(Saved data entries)

Segment Open

(* Let $X$ be a countably infinite set and $W=W_F$. Let $\succeq$ be a preorder on $W_F$ satisfying Strong Pareto, Permutation Invariance, and Quasi-Independence. If $w,v\in W_F$ are such that $Z=\{x\in X: w(x)\neq v(x)\}$ is finite and $w\succeq v$, then $\sum_{x\in Z}(w(x)-v(x))\ge 0$.
   Context: $W_F$ is the set of functions $X\to\mathbb R$ with finite range; addition and scalar multiplication are pointwise. For a preorder $\succeq$, $w\succ v$ means $w\succeq v$ and not $v\succeq w$. For a permutation $\pi$ of $X$, $\pi(w)(x)=w(\pi(x))$. Strong Pareto: for all $w,v\in W$, if $w(x)\ge v(x)$ for all $x$ and $w(x)>v(x)$ for some $x$, then $w\succ v$. Permutation Invariance: for all $w,v\in W$ and every permutation $\pi$ of $X$, $w\succeq v$ iff $\pi(w)\succeq\pi(v)$. Quasi-Independence: for all $w,v,u\in W$, if $w\succeq v$ then for every $\alpha\in[0,1]$, $\alpha w+(1-\alpha)u\succeq \alpha v+(1-\alpha)u$. *)

theory Defs
  imports Complex_Main "HOL-Library.Countable_Set"
begin

definition W_F :: "('x \<Rightarrow> real) set" where
  "W_F = {w. finite (range w)}"

definition preorder_on_W :: "('x \<Rightarrow> real) set \<Rightarrow> (('x \<Rightarrow> real) \<Rightarrow> ('x \<Rightarrow> real) \<Rightarrow> bool) \<Rightarrow> bool" where
  "preorder_on_W W R \<longleftrightarrow> (\<forall>w\<in>W. R w w) \<and>
     (\<forall>w\<in>W. \<forall>v\<in>W. \<forall>u\<in>W. R w v \<longrightarrow> R v u \<longrightarrow> R w u)"

definition strict_pref :: "(('x \<Rightarrow> real) \<Rightarrow> ('x \<Rightarrow> real) \<Rightarrow> bool) \<Rightarrow> ('x \<Rightarrow> real) \<Rightarrow> ('x \<Rightarrow> real) \<Rightarrow> bool" where
  "strict_pref R w v \<longleftrightarrow> R w v \<and> \<not> R v w"

definition permute_util :: "('x \<Rightarrow> 'x) \<Rightarrow> ('x \<Rightarrow> real) \<Rightarrow> ('x \<Rightarrow> real)" where
  "permute_util \<pi> w = (\<lambda>x. w (\<pi> x))"

definition strong_pareto :: "('x \<Rightarrow> real) set \<Rightarrow> (('x \<Rightarrow> real) \<Rightarrow> ('x \<Rightarrow> real) \<Rightarrow> bool) \<Rightarrow> bool" where
  "strong_pareto W R \<longleftrightarrow> (\<forall>w\<in>W. \<forall>v\<in>W.
     (\<forall>x. w x \<ge> v x) \<and> (\<exists>x. w x > v x) \<longrightarrow> strict_pref R w v)"

definition permutation_invariance :: "('x \<Rightarrow> real) set \<Rightarrow> (('x \<Rightarrow> real) \<Rightarrow> ('x \<Rightarrow> real) \<Rightarrow> bool) \<Rightarrow> bool" where
  "permutation_invariance W R \<longleftrightarrow> (\<forall>w\<in>W. \<forall>v\<in>W. \<forall>\<pi>. bij \<pi> \<longrightarrow>
     (R w v \<longleftrightarrow> R (permute_util \<pi> w) (permute_util \<pi> v)))"

definition quasi_independence :: "('x \<Rightarrow> real) set \<Rightarrow> (('x \<Rightarrow> real) \<Rightarrow> ('x \<Rightarrow> real) \<Rightarrow> bool) \<Rightarrow> bool" where
  "quasi_independence W R \<longleftrightarrow> (\<forall>w\<in>W. \<forall>v\<in>W. \<forall>u\<in>W. R w v \<longrightarrow>
     (\<forall>\<alpha>::real. 0 \<le> \<alpha> \<and> \<alpha> \<le> 1 \<longrightarrow>
        R (\<lambda>x. \<alpha> * w x + (1 - \<alpha>) * u x) (\<lambda>x. \<alpha> * v x + (1 - \<alpha>) * u x)))"

end

theory Submission
  imports Defs "HOL-Combinatorics.Transposition"
begin

text \<open>Whenever \<open>w \<succeq> v\<close> and \<open>w - v\<close> takes both signs, say \<open>w a > v a\<close> and \<open>w b < v b\<close>, Permutation
Invariance gives \<open>\<tau> w \<succeq> \<tau> v\<close> for the transposition \<open>\<tau> = (a b)\<close>, and Quasi-Independence lets us mix the
two comparisons: \<open>\<alpha> w + (1 - \<alpha>) \<tau> w \<succeq> \<alpha> v + (1 - \<alpha>) \<tau> v\<close>. Choosing \<open>\<alpha>\<close> so that the difference
vanishes at \<open>a\<close>, the new pair differs on fewer coordinates, with the same total difference. Iterating,
we reach a pair whose differences all have one sign; Strong Pareto rules out the case where they are
all non-positive and one is negative.\<close>

definition mix :: "real \<Rightarrow> ('x \<Rightarrow> real) \<Rightarrow> ('x \<Rightarrow> real) \<Rightarrow> 'x \<Rightarrow> real" where
  "mix \<alpha> w u = (\<lambda>x. \<alpha> * w x + (1 - \<alpha>) * u x)"

lemma mix_in_W_F:
  assumes "w \<in> W_F" "u \<in> W_F"
  shows "mix \<alpha> w u \<in> W_F"
proof -
  have "range (mix \<alpha> w u) \<subseteq> (\<lambda>(p, q). \<alpha> * p + (1 - \<alpha>) * q) ` (range w \<times> range u)"
    by (auto simp: mix_def)
  moreover have "finite (range w \<times> range u)"
    using assms by (simp add: W_F_def)
  ultimately show ?thesis
    unfolding W_F_def by (auto intro: finite_subset)
qed

lemma permute_util_in_W_F:
  assumes "w \<in> W_F"
  shows "permute_util \<pi> w \<in> W_F"
proof -
  have "range (permute_util \<pi> w) \<subseteq> range w"
    by (auto simp: permute_util_def)
  then show ?thesis
    using assms unfolding W_F_def by (auto intro: finite_subset)
qed

lemma mix_swap: "mix \<alpha> w u = mix (1 - \<alpha>) u w"
  by (simp add: mix_def algebra_simps)

lemma quasi_independence_mix:
  assumes "preorder_on_W W_F R" "quasi_independence W_F R"
    and "w \<in> W_F" "v \<in> W_F" "u \<in> W_F" "u' \<in> W_F"
    and "R w v" "R u u'" "0 \<le> \<alpha>" "\<alpha> \<le> 1"
  shows "R (mix \<alpha> w u) (mix \<alpha> v u')"
proof -
  have left: "R (mix \<alpha> w u) (mix \<alpha> v u)"
    using assms(2-5,7,9,10) unfolding quasi_independence_def mix_def by blast
  have "0 \<le> 1 - \<alpha>" "1 - \<alpha> \<le> 1"
    using assms(9,10) by simp_all
  then have "R (mix (1 - \<alpha>) u v) (mix (1 - \<alpha>) u' v)"
    using assms(2,4-6,8) unfolding quasi_independence_def mix_def by blast
  then have right: "R (mix \<alpha> v u) (mix \<alpha> v u')"
    by (simp only: mix_swap[of \<alpha> v])
  show ?thesis
    using assms(1) left right mix_in_W_F assms(3-6)
    unfolding preorder_on_W_def by blast
qed

lemma strong_pareto_pref_le_imp_eq:
  assumes "strong_pareto W R" "w \<in> W" "v \<in> W" "R w v" "\<forall>x. w x \<le> v x"
  shows "w = v"
proof (rule ccontr)
  assume "w \<noteq> v"
  then obtain x where "w x \<noteq> v x"
    by blast
  with assms(5) have "w x < v x"
    using order_le_neq_trans by blast
  then have "strict_pref R v w"
    using assms(1-3,5) unfolding strong_pareto_def by blast
  with assms(4) show False
    unfolding strict_pref_def by blast
qed

lemma sum_transpose_eq:
  assumes "a \<in> S" "b \<in> S"
  shows "(\<Sum>x\<in>S. f (Transposition.transpose a b x)) = (\<Sum>x\<in>S. f x)"
  using sum.reindex[OF inj_on_transpose, of f a b S] assms by simp

lemma pref_cancel_coordinate:
  assumes P: "preorder_on_W W_F R" and PI: "permutation_invariance W_F R"
    and Q: "quasi_independence W_F R"
    and W: "w \<in> W_F" "v \<in> W_F" and "R w v"
    and a: "w a > v a" and b: "w b < v b"
  obtains w' v' where "w' \<in> W_F" "v' \<in> W_F" "R w' v'"
    and "{x. w' x \<noteq> v' x} \<subseteq> {x. w x \<noteq> v x} - {a}"
    and "\<And>S. a \<in> S \<Longrightarrow> b \<in> S \<Longrightarrow> (\<Sum>x\<in>S. w' x - v' x) = (\<Sum>x\<in>S. w x - v x)"
proof -
  define \<tau> where "\<tau> = Transposition.transpose a b"
  define \<alpha> where "\<alpha> = (v b - w b) / ((w a - v a) + (v b - w b))"
  define w' where "w' = mix \<alpha> w (permute_util \<tau> w)"
  define v' where "v' = mix \<alpha> v (permute_util \<tau> v)"
  have "0 \<le> \<alpha>" "\<alpha> \<le> 1"
    using a b by (auto simp: \<alpha>_def field_simps)
  have "bij \<tau>"
    by (simp add: \<tau>_def)
  then have "R w v \<longleftrightarrow> R (permute_util \<tau> w) (permute_util \<tau> v)"
    using PI W unfolding permutation_invariance_def by blast
  with \<open>R w v\<close> have "R (permute_util \<tau> w) (permute_util \<tau> v)"
    by blast
  from quasi_independence_mix[OF P Q, OF W permute_util_in_W_F[OF W(1)] permute_util_in_W_F[OF W(2)]
      \<open>R w v\<close> this \<open>0 \<le> \<alpha>\<close> \<open>\<alpha> \<le> 1\<close>]
  have pref: "R w' v'"
    by (simp only: w'_def v'_def)
  have mem: "w' \<in> W_F" "v' \<in> W_F"
    unfolding w'_def v'_def using W by (simp_all add: mix_in_W_F permute_util_in_W_F)
  have diff: "w' x - v' x = \<alpha> * (w x - v x) + (1 - \<alpha>) * (w (\<tau> x) - v (\<tau> x))" for x
    by (simp add: w'_def v'_def mix_def permute_util_def algebra_simps)
  have "\<alpha> * (w a - v a) + (1 - \<alpha>) * (w b - v b) = 0"
    using a b by (simp add: \<alpha>_def field_simps)
  then have cancel: "w' a = v' a"
    using diff[of a] by (simp add: \<tau>_def)
  have outside: "w' x - v' x = w x - v x" if "x \<noteq> a" "x \<noteq> b" for x
    using diff[of x] that by (simp add: \<tau>_def algebra_simps)
  have support: "{x. w' x \<noteq> v' x} \<subseteq> {x. w x \<noteq> v x} - {a}"
    using cancel outside b by force
  have total: "(\<Sum>x\<in>S. w' x - v' x) = (\<Sum>x\<in>S. w x - v x)" if "a \<in> S" "b \<in> S" for S
  proof -
    have reindex: "(\<Sum>x\<in>S. w (\<tau> x) - v (\<tau> x)) = (\<Sum>x\<in>S. w x - v x)"
      unfolding \<tau>_def by (rule sum_transpose_eq[OF that])
    have "(\<Sum>x\<in>S. w' x - v' x)
        = \<alpha> * (\<Sum>x\<in>S. w x - v x) + (1 - \<alpha>) * (\<Sum>x\<in>S. w (\<tau> x) - v (\<tau> x))"
      by (simp add: diff sum.distrib sum_distrib_left)
    then show ?thesis
      by (simp add: reindex algebra_simps)
  qed
  show ?thesis
    by (rule that[OF mem pref support total])
qed

lemma pref_imp_sum_diff_nonneg:
  assumes P: "preorder_on_W W_F R" and SP: "strong_pareto W_F R"
    and PI: "permutation_invariance W_F R" and Q: "quasi_independence W_F R"
    and "finite S"
  shows "w \<in> W_F \<Longrightarrow> v \<in> W_F \<Longrightarrow> {x. w x \<noteq> v x} \<subseteq> S \<Longrightarrow> R w v
    \<Longrightarrow> (\<Sum>x\<in>S. w x - v x) \<ge> 0"
  using \<open>finite S\<close>
proof (induction S arbitrary: w v rule: finite_psubset_induct)
  case (psubset S)
  show ?case
  proof (cases "\<forall>x\<in>S. w x \<ge> v x")
    case True
    then show ?thesis by (simp add: sum_nonneg)
  next
    case False
    then obtain b where "b \<in> S" "w b < v b" by force
    have "\<exists>a. w a > v a"
    proof (rule ccontr)
      assume "\<nexists>a. w a > v a"
      then have "\<forall>x. w x \<le> v x"
        by (simp add: not_less)
      then have "w = v"
        using strong_pareto_pref_le_imp_eq[OF SP] psubset.prems(1,2,4) by blast
      with \<open>w b < v b\<close> show False
        by simp
    qed
    then obtain a where a: "w a > v a" ..
    with psubset.prems(3) have "a \<in> S" by fastforce
    obtain w' v' where W': "w' \<in> W_F" "v' \<in> W_F" "R w' v'"
      and support: "{x. w' x \<noteq> v' x} \<subseteq> {x. w x \<noteq> v x} - {a}"
      and sum_eq: "\<And>T. a \<in> T \<Longrightarrow> b \<in> T \<Longrightarrow> (\<Sum>x\<in>T. w' x - v' x) = (\<Sum>x\<in>T. w x - v x)"
      using pref_cancel_coordinate[OF P PI Q psubset.prems(1,2,4) a \<open>w b < v b\<close>] by blast
    have "{x. w' x \<noteq> v' x} \<subseteq> S - {a}"
      using support psubset.prems(3) by blast
    moreover have "S - {a} \<subset> S"
      using \<open>a \<in> S\<close> by blast
    ultimately have "(\<Sum>x\<in>S - {a}. w' x - v' x) \<ge> 0"
      using psubset.IH W'(1-3) by blast
    moreover have "(\<Sum>x\<in>S. w' x - v' x) = (\<Sum>x\<in>S - {a}. w' x - v' x)"
      using sum.remove[OF psubset.hyps \<open>a \<in> S\<close>, of "\<lambda>x. w' x - v' x"] support by auto
    ultimately show ?thesis
      using sum_eq[OF \<open>a \<in> S\<close> \<open>b \<in> S\<close>] by simp
  qed
qed

theorem lemma1:
  fixes R :: "('x \<Rightarrow> real) \<Rightarrow> ('x \<Rightarrow> real) \<Rightarrow> bool"
    and w v :: "'x \<Rightarrow> real"
  assumes "countable (UNIV :: 'x set)" and "infinite (UNIV :: 'x set)"
    and "preorder_on_W W_F R"
    and "strong_pareto W_F R"
    and "permutation_invariance W_F R"
    and "quasi_independence W_F R"
    and "w \<in> W_F" and "v \<in> W_F"
    and "finite {x. w x \<noteq> v x}"
    and "R w v"
  shows "(\<Sum>x\<in>{x. w x \<noteq> v x}. w x - v x) \<ge> 0"
  using pref_imp_sum_diff_nonneg[OF assms(3-6,9)] assms(7,8,10) by blast

end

Segment Closed

TRY IT –
From the data above, count the lines that contain "auto" and write only that count.

RESPONSE TO THE EXERCISE –
6